* [WORK ITEM]: Copy the first line of the material below and every later line through the line containing "[] \<Longrightarrow> hd", without any other output.
———
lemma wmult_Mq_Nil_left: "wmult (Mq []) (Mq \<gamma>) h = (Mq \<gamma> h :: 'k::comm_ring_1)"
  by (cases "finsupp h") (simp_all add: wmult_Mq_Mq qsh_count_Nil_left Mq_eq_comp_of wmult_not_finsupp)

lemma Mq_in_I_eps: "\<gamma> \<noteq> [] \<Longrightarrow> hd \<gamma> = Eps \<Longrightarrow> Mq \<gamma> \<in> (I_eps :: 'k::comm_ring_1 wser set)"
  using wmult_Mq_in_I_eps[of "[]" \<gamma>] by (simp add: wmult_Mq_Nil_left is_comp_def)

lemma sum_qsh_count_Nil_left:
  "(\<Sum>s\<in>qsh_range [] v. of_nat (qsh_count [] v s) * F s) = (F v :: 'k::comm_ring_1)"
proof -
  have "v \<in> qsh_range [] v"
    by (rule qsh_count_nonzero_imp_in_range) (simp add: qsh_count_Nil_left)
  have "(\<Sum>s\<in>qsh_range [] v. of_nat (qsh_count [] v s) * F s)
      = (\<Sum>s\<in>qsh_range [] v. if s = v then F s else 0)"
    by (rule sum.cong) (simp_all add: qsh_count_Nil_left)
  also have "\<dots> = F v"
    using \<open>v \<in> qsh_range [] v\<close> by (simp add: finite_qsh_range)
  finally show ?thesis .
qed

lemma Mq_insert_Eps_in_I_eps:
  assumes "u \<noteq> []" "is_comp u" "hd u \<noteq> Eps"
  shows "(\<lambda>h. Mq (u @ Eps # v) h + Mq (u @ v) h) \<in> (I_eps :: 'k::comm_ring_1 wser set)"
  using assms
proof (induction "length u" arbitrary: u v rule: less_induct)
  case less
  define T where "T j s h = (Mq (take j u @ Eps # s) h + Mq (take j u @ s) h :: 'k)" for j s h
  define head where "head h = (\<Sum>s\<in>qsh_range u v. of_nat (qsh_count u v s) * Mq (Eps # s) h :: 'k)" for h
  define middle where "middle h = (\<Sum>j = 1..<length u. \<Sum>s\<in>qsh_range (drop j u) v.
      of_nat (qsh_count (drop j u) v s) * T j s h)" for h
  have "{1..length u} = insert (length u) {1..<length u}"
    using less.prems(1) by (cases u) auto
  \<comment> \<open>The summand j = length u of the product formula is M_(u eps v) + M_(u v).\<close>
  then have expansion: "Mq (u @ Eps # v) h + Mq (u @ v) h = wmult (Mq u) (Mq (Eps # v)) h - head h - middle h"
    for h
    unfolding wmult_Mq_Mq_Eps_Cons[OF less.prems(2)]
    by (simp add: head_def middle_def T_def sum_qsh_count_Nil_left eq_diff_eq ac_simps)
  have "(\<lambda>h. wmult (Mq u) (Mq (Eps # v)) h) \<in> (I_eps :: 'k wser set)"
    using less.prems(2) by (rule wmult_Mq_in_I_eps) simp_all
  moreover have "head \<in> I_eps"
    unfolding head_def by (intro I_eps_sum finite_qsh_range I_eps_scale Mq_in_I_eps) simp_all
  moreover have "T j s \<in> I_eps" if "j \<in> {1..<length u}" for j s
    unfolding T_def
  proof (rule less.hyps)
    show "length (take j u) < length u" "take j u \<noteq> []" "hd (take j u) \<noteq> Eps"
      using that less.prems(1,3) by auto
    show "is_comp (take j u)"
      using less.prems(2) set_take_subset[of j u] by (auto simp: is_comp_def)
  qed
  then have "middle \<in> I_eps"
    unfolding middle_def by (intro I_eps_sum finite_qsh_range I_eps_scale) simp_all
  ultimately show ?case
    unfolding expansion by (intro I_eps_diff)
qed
———
* [TASK ANSWER]:
lemma wmult_Mq_Nil_left: "wmult (Mq []) (Mq \<gamma>) h = (Mq \<gamma> h :: 'k::comm_ring_1)"
  by (cases "finsupp h") (simp_all add: wmult_Mq_Mq qsh_count_Nil_left Mq_eq_comp_of wmult_not_finsupp)

lemma Mq_in_I_eps: "\<gamma> \<noteq> [] \<Longrightarrow> hd \<gamma> = Eps \<Longrightarrow> Mq \<gamma> \<in> (I_eps :: 'k::comm_ring_1 wser set)"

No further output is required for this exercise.